# Lecture 5: Convolutional Neural Networks

In this lecture, we will introduce Convolutional Neural Networks (CNN).

CNN architecture is widely used in image recognition tasks. However, it can also be used in other domains such as Natural Language Processing and speech recognition.
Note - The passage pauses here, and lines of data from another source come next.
section \<open>The greedy rounds\<close>

locale matroid_greedy_rounds =
  fixes N :: "'a set" and Ind :: "'a set set" and f :: "'a set \<Rightarrow> real"
    and \<epsilon> :: real and k :: nat and p :: "'b pmf" and I S :: "nat \<Rightarrow> 'b \<Rightarrow> 'a set"
  assumes M: "matroid N Ind"
    and f_norm: "normalized f" and f_sub: "submodular N f"
    and eps: "0 \<le> \<epsilon>" "\<epsilon> \<le> 1"
    and I_subset_S: "\<And>i \<omega>. i \<in> {1..k} \<Longrightarrow> \<omega> \<in> set_pmf p \<Longrightarrow> I i \<omega> \<subseteq> S i \<omega>"
    and S_subset: "\<And>i \<omega>. i \<in> {1..k} \<Longrightarrow> \<omega> \<in> set_pmf p \<Longrightarrow>
        S i \<omega> \<subseteq> N - mspan N Ind (pref_union S (i - 1) \<omega>)"
    and expected_gain: "\<And>i \<omega>0. i \<in> {1..k} \<Longrightarrow> \<omega>0 \<in> set_pmf p \<Longrightarrow>
        measure_pmf.expectation (cond_pmf p (hist_event I S i \<omega>0))
          (\<lambda>\<omega>. marg f (pref_union S (i - 1) \<omega>) (I i \<omega>))
        \<ge> (1 - \<epsilon>) * measure_pmf.expectation (cond_pmf p (hist_event I S i \<omega>0))
              (\<lambda>\<omega>. real (card (S i \<omega>)))
            * best_marg N Ind f (pref_union S (i - 1) \<omega>0)"
begin

abbreviation U :: "nat \<Rightarrow> 'b \<Rightarrow> 'a set" where "U \<equiv> pref_union S"
abbreviation V :: "nat \<Rightarrow> 'b \<Rightarrow> 'a set" where "V \<equiv> pref_union I"

text \<open>A crude bound on f over the subsets of N; it only serves to make every random quantity
  below integrable.\<close>

definition fbound :: real where "fbound = (\<Sum>X\<in>Pow N. \<bar>f X\<bar>)"

lemma abs_f_le_fbound: "X \<subseteq> N \<Longrightarrow> \<bar>f X\<bar> \<le> fbound"
  unfolding fbound_def by (rule member_le_sum) (simp_all add: finite_ground[OF M])

lemma abs_marg_le_fbound:
  assumes "X \<subseteq> N" "A \<subseteq> N"
  shows "\<bar>marg f X A\<bar> \<le> 2 * fbound"
proof -
  have "\<bar>f (X \<union> A)\<bar> \<le> fbound" "\<bar>f X\<bar> \<le> fbound" using assms by (simp_all add: abs_f_le_fbound)
  then show ?thesis unfolding marg_def using abs_triangle_ineq4[of "f (X \<union> A)" "f X"] by linarith
qed

lemma best_marg_le_fbound:
  assumes "X \<subseteq> N"
  shows "best_marg N Ind f X \<le> 2 * fbound"
  using best_marg_cases[OF M, of f X]
proof
  assume "best_marg N Ind f X = 0"
  moreover have "\<bar>f {}\<bar> \<le> fbound" by (rule abs_f_le_fbound) simp
  ultimately show ?thesis by linarith
next
  assume "\<exists>e\<in>N - mspan N Ind X. best_marg N Ind f X = marg f X {e}"
  then obtain e where e: "e \<in> N" "best_marg N Ind f X = marg f X {e}" by blast
  have "\<bar>marg f X {e}\<bar> \<le> 2 * fbound" using e(1) assms by (intro abs_marg_le_fbound) auto
  then show ?thesis using e(2) by linarith
qed

lemma U_subset_ground: "j \<le> k \<Longrightarrow> \<omega> \<in> set_pmf p \<Longrightarrow> U j \<omega> \<subseteq> N"
  unfolding pref_union_def using S_subset by fastforce

lemma V_subset_U: "j \<le> k \<Longrightarrow> \<omega> \<in> set_pmf p \<Longrightarrow> V j \<omega> \<subseteq> U j \<omega>"
  unfolding pref_union_def using I_subset_S by fastforce

lemma V_subset_ground: "j \<le> k \<Longrightarrow> \<omega> \<in> set_pmf p \<Longrightarrow> V j \<omega> \<subseteq> N"
  using V_subset_U U_subset_ground by blast

definition gain :: "nat \<Rightarrow> 'b \<Rightarrow> real" where
  "gain i \<omega> = marg f (U (i - 1) \<omega>) (I i \<omega>)"

definition budget :: "nat \<Rightarrow> 'b \<Rightarrow> real" where
  "budget i \<omega> = real (card (S i \<omega>)) * best_marg N Ind f (U (i - 1) \<omega>)"

lemma abs_gain_le:
  assumes "i \<in> {1..k}" "\<omega> \<in> set_pmf p"
  shows "\<bar>gain i \<omega>\<bar> \<le> 2 * fbound"
proof -
  have "I i \<omega> \<subseteq> N" using I_subset_S[OF assms] S_subset[OF assms] by blast
  moreover have "U (i - 1) \<omega> \<subseteq> N" by (rule U_subset_ground) (use assms in auto)
  ultimately show ?thesis unfolding gain_def by (intro abs_marg_le_fbound)
qed

lemma abs_budget_le:
  assumes "i \<in> {1..k}" "\<omega> \<in> set_pmf p"
  shows "\<bar>budget i \<omega>\<bar> \<le> real (card N) * (2 * fbound)"
proof -
  have "card (S i \<omega>) \<le> card N"
    using S_subset[OF assms] finite_ground[OF M] by (meson Diff_subset card_mono subset_trans)
  moreover have "U (i - 1) \<omega> \<subseteq> N" by (rule U_subset_ground) (use assms in auto)
  then have "best_marg N Ind f (U (i - 1) \<omega>) \<le> 2 * fbound" by (rule best_marg_le_fbound)
  ultimately show ?thesis
    unfolding budget_def using best_marg_nonneg[OF M] by (simp add: abs_mult mult_mono)
qed

lemma expectation_budget_le_gain:
  assumes i: "i \<in> {1..k}"
  shows "(1 - \<epsilon>) * measure_pmf.expectation p (budget i) \<le> measure_pmf.expectation p (gain i)"
proof -
  define H where "H \<omega> = map (\<lambda>j. (I j \<omega>, S j \<omega>)) [1..<i]" for \<omega>
  have hist: "hist_event I S i x = {y. H y = H x}" for x
    unfolding hist_event_def H_def by auto
  have U_eq: "U (i - 1) y = U (i - 1) x" if "H y = H x" for x y
  proof -
    have "S j y = S j x" if "j \<in> {1..i - 1}" for j
      using \<open>H y = H x\<close> that i unfolding H_def by auto
    then show ?thesis unfolding pref_union_def by (rule SUP_cong[OF refl])
  qed
  have "measure_pmf.expectation p (\<lambda>\<omega>. (1 - \<epsilon>) * budget i \<omega>) \<le> measure_pmf.expectation p (gain i)"
  proof (rule expectation_le_of_cond_expectation_le[where H = H])
    fix \<omega> assume \<omega>: "\<omega> \<in> set_pmf p"
    have "\<bar>(1 - \<epsilon>) * budget i \<omega>\<bar> \<le> 1 * (real (card N) * (2 * fbound))"
      unfolding abs_mult using eps abs_budget_le[OF i \<omega>] by (intro mult_mono) auto
    then show "\<bar>(1 - \<epsilon>) * budget i \<omega>\<bar> \<le> real (card N) * (2 * fbound)" by simp
    show "\<bar>gain i \<omega>\<bar> \<le> 2 * fbound" by (rule abs_gain_le[OF i \<omega>])
  next
    fix x assume x: "x \<in> set_pmf p"
    let ?c = "cond_pmf p {y. H y = H x}"
    have "set_pmf p \<inter> {y. H y = H x} \<noteq> {}" using x by auto
    then have fibre: "H y = H x" if "y \<in> set_pmf ?c" for y
      using that by simp
    have U_fibre: "U (i - 1) y = U (i - 1) x" if "y \<in> set_pmf ?c" for y
      using fibre[OF that] by (rule U_eq)
    have "measure_pmf.expectation ?c (\<lambda>\<omega>. (1 - \<epsilon>) * budget i \<omega>)
        = measure_pmf.expectation ?c
            (\<lambda>\<omega>. (1 - \<epsilon>) * real (card (S i \<omega>)) * best_marg N Ind f (U (i - 1) x))"
      by (intro integral_cong_AE) (auto simp: AE_measure_pmf_iff budget_def dest: U_fibre)
    also have "\<dots> = (1 - \<epsilon>) * measure_pmf.expectation ?c (\<lambda>\<omega>. real (card (S i \<omega>)))
        * best_marg N Ind f (U (i - 1) x)"
      by simp
    also have "\<dots> \<le> measure_pmf.expectation ?c (gain i)"
      using expected_gain[OF i x] unfolding hist gain_def by simp
    finally show "measure_pmf.expectation ?c (\<lambda>\<omega>. (1 - \<epsilon>) * budget i \<omega>)
        \<le> measure_pmf.expectation ?c (gain i)" .
  qed
  then show ?thesis by simp
qed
Let's focus on the application in NLP and reproduce WaveNet.

CNN papers:
- LeNet: [LeCun et al. 1989](http://vision.stanford.edu/cs598_spring07/papers/Lecun98.pdf)
- AlexNet: [Krizhevsky et al. 2012](https://papers.nips.cc/paper/4824-imagenet-classification-with-deep-convolutional-neural-networks.pdf)
- WaveNet: [van den Oord et al. 2016](https://arxiv.org/pdf/1609.03499)

## Importing libraries

In [1]:
import os
import math
import itertools
from dataclasses import dataclass
from sklearn.model_selection import train_test_split
from tqdm import tqdm
import torch
import torch.nn as nn
from torch.utils.data import Dataset, DataLoader
from torch.nn import functional as F
import wandb
from src.utils import load_text, set_seed, configure_device

## Configuration

In [2]:
@dataclass
class CNNConfig:
    root_dir: str = os.getcwd() + "/../../"
    dataset_path: str = "data/names.txt"
    device: torch.device = torch.device('cpu')  # Automatic device configuration

    # Tokenizer
    vocab_size: int = 0  # Set later

    # Model
    context_size: int = 16  # Increase the context size to 16
    d_embed: int = 8
    d_hidden: int = 64

    # Training
    val_size: float = 0.1
    batch_size: int = 32
    max_steps: int = 10000
    lr: float = 0.01
    val_interval: int = 100
    log_interval: int = 100

    seed: int = 101

## Weights & Biases

In [3]:
wandb.login(key=os.environ.get("WANDB_API_KEY"))
wandb.init(
    project="lecture-05",
    dir=CNNConfig.root_dir
)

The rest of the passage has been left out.